Exercise prompt: Only one stretch of the records below should be repeated. It starts with the line containing "gs outs \<longleftrightarrow>" and goes on through the line containing "foldl (\<lambda>ds g.", exactly as written.
[Opening Supplied material section]
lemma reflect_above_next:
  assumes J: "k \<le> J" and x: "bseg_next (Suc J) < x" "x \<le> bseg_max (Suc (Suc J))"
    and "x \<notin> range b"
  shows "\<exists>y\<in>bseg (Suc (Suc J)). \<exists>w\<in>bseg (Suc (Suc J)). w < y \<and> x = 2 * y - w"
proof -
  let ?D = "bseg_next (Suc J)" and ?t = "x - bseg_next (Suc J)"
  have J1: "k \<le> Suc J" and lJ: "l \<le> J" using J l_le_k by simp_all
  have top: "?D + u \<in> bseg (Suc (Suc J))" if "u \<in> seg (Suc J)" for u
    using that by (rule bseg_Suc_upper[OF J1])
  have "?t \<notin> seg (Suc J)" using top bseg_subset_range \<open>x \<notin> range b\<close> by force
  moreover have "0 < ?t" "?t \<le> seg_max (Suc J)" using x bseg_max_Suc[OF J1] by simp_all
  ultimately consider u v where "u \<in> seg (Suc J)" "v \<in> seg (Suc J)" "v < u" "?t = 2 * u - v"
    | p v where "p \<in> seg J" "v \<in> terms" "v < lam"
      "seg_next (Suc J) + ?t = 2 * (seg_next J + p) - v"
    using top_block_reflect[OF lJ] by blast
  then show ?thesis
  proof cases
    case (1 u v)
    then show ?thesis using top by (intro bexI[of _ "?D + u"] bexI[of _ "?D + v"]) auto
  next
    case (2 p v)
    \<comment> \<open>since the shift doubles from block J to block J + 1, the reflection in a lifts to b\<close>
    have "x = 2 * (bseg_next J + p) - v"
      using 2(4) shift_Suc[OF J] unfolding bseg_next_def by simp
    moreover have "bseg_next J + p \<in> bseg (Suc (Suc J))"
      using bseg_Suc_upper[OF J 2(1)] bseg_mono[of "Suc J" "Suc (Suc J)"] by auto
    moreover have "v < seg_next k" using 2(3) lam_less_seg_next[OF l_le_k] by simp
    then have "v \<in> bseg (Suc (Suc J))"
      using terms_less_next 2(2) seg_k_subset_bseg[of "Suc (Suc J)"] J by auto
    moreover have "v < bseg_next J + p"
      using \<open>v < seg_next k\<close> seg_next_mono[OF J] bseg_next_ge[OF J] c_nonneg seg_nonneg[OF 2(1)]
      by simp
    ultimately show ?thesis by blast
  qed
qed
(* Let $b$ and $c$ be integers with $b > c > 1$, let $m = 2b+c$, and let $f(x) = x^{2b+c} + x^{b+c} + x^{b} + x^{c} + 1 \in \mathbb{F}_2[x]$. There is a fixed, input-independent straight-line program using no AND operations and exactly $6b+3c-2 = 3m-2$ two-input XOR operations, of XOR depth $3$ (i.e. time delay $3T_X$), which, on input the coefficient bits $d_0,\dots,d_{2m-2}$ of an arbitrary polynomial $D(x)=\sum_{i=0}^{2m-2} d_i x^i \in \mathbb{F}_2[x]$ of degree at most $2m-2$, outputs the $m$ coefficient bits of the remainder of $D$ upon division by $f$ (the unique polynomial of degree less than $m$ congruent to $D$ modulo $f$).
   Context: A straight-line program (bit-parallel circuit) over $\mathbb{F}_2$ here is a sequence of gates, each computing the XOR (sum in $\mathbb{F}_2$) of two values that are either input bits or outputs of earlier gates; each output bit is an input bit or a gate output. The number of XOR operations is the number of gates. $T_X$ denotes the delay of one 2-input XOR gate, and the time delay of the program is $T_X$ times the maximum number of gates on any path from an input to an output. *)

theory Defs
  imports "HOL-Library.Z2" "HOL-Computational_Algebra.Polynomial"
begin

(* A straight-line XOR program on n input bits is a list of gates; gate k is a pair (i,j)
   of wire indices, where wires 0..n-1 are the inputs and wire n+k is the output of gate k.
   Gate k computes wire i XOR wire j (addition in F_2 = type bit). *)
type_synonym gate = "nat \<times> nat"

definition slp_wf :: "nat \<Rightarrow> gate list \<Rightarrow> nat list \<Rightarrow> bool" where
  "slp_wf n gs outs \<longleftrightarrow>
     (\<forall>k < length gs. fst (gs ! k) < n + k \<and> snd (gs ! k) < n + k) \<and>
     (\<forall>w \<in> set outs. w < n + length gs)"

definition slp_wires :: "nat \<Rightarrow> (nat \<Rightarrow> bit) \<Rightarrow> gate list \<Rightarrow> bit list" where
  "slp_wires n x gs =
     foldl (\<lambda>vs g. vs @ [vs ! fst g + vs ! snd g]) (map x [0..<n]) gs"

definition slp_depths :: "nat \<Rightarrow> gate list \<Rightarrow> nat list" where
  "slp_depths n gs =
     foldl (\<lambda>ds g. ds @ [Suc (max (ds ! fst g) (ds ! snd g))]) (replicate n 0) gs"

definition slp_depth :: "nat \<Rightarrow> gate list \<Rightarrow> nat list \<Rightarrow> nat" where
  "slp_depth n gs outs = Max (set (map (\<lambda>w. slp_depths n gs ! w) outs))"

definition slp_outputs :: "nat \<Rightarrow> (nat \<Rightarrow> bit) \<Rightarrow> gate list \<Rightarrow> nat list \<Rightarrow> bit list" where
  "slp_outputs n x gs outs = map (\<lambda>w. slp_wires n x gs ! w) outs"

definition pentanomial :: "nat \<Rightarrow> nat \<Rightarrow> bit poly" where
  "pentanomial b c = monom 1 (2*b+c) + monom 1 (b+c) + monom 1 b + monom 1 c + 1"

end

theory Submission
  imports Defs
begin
[Closing Supplied material section]
[Opening Supplied material section]
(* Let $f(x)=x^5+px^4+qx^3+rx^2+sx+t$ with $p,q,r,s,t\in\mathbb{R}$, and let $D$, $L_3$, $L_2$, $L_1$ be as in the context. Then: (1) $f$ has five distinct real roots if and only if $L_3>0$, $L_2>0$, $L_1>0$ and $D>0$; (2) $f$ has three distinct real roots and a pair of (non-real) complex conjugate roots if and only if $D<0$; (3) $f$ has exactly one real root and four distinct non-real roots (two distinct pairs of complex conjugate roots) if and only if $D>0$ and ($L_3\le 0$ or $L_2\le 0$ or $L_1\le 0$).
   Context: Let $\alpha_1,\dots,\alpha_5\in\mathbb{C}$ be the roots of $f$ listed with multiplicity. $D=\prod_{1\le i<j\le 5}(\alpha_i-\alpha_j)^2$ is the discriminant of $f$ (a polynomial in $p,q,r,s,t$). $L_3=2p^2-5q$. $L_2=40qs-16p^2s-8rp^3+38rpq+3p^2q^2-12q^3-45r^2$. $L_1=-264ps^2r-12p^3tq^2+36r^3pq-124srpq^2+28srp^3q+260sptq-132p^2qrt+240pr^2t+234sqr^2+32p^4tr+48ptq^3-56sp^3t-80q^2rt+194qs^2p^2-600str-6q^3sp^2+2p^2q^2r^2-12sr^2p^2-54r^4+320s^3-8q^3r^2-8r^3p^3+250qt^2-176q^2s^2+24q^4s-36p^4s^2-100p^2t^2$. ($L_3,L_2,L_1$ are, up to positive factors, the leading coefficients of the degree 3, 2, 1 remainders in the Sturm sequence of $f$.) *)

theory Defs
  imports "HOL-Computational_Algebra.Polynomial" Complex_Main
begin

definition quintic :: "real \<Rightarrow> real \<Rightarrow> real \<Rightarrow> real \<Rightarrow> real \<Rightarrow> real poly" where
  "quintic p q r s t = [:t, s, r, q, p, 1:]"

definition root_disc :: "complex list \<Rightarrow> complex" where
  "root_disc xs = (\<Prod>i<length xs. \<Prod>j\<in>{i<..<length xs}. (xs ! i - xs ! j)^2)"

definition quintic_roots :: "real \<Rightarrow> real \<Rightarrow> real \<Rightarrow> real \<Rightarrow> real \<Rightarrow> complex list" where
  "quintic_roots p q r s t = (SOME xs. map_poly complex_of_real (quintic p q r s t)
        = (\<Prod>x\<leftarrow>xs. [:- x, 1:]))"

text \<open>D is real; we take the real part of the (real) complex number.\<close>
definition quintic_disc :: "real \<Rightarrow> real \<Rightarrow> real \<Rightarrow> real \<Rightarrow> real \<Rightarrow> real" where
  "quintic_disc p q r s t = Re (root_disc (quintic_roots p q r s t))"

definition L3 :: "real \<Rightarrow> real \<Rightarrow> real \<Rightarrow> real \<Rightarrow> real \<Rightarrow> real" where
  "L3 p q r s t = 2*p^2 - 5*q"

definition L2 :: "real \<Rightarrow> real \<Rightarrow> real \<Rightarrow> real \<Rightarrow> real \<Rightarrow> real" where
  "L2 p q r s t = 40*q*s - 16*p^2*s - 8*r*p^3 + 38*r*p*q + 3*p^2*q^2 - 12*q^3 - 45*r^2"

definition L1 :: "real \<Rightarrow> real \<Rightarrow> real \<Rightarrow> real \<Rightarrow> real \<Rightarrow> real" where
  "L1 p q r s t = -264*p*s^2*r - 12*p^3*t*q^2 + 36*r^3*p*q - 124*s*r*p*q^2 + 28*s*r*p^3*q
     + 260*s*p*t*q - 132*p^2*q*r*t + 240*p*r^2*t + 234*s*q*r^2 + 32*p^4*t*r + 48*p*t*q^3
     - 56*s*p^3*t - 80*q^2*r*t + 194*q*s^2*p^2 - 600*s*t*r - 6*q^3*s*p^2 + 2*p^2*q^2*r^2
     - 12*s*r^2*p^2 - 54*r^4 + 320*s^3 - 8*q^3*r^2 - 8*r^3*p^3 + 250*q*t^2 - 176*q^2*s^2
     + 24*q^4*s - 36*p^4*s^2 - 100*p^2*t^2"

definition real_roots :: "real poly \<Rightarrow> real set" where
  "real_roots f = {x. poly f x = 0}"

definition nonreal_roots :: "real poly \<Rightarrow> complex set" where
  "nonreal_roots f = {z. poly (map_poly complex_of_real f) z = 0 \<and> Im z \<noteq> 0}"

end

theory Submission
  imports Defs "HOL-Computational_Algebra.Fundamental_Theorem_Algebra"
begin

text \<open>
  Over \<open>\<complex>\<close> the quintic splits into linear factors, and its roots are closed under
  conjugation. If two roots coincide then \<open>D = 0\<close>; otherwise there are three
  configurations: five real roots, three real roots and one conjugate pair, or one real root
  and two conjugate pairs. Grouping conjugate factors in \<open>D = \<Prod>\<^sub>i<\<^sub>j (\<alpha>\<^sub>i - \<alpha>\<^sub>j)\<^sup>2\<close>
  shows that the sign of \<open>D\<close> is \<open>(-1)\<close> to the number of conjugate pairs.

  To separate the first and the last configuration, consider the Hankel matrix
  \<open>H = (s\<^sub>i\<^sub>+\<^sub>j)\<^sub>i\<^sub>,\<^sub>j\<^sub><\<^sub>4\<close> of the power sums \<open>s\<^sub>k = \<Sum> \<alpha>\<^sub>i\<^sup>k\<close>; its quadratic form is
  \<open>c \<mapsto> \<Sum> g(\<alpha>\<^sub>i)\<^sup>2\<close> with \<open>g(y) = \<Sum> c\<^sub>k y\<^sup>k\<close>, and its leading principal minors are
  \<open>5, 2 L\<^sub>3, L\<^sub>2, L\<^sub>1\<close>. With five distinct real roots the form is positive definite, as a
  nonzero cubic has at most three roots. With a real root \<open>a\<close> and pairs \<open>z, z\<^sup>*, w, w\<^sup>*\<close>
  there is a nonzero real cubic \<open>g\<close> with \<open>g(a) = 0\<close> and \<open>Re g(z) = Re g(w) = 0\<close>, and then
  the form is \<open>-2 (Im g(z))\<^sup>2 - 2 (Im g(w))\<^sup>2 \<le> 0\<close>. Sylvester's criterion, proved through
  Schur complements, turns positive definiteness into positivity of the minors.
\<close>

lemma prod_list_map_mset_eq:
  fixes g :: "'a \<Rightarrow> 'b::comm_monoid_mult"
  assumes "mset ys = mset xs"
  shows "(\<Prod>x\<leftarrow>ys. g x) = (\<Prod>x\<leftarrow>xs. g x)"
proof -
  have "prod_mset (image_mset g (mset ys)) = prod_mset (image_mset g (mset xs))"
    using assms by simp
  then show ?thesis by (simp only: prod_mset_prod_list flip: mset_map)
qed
[Closing Supplied material section]
Finished task:
  "slp_wf n gs outs \<longleftrightarrow>
     (\<forall>k < length gs. fst (gs ! k) < n + k \<and> snd (gs ! k) < n + k) \<and>
     (\<forall>w \<in> set outs. w < n + length gs)"

definition slp_wires :: "nat \<Rightarrow> (nat \<Rightarrow> bit) \<Rightarrow> gate list \<Rightarrow> bit list" where
  "slp_wires n x gs =
     foldl (\<lambda>vs g. vs @ [vs ! fst g + vs ! snd g]) (map x [0..<n]) gs"

definition slp_depths :: "nat \<Rightarrow> gate list \<Rightarrow> nat list" where
  "slp_depths n gs =
     foldl (\<lambda>ds g. ds @ [Suc (max (ds ! fst g) (ds ! snd g))]) (replicate n 0) gs"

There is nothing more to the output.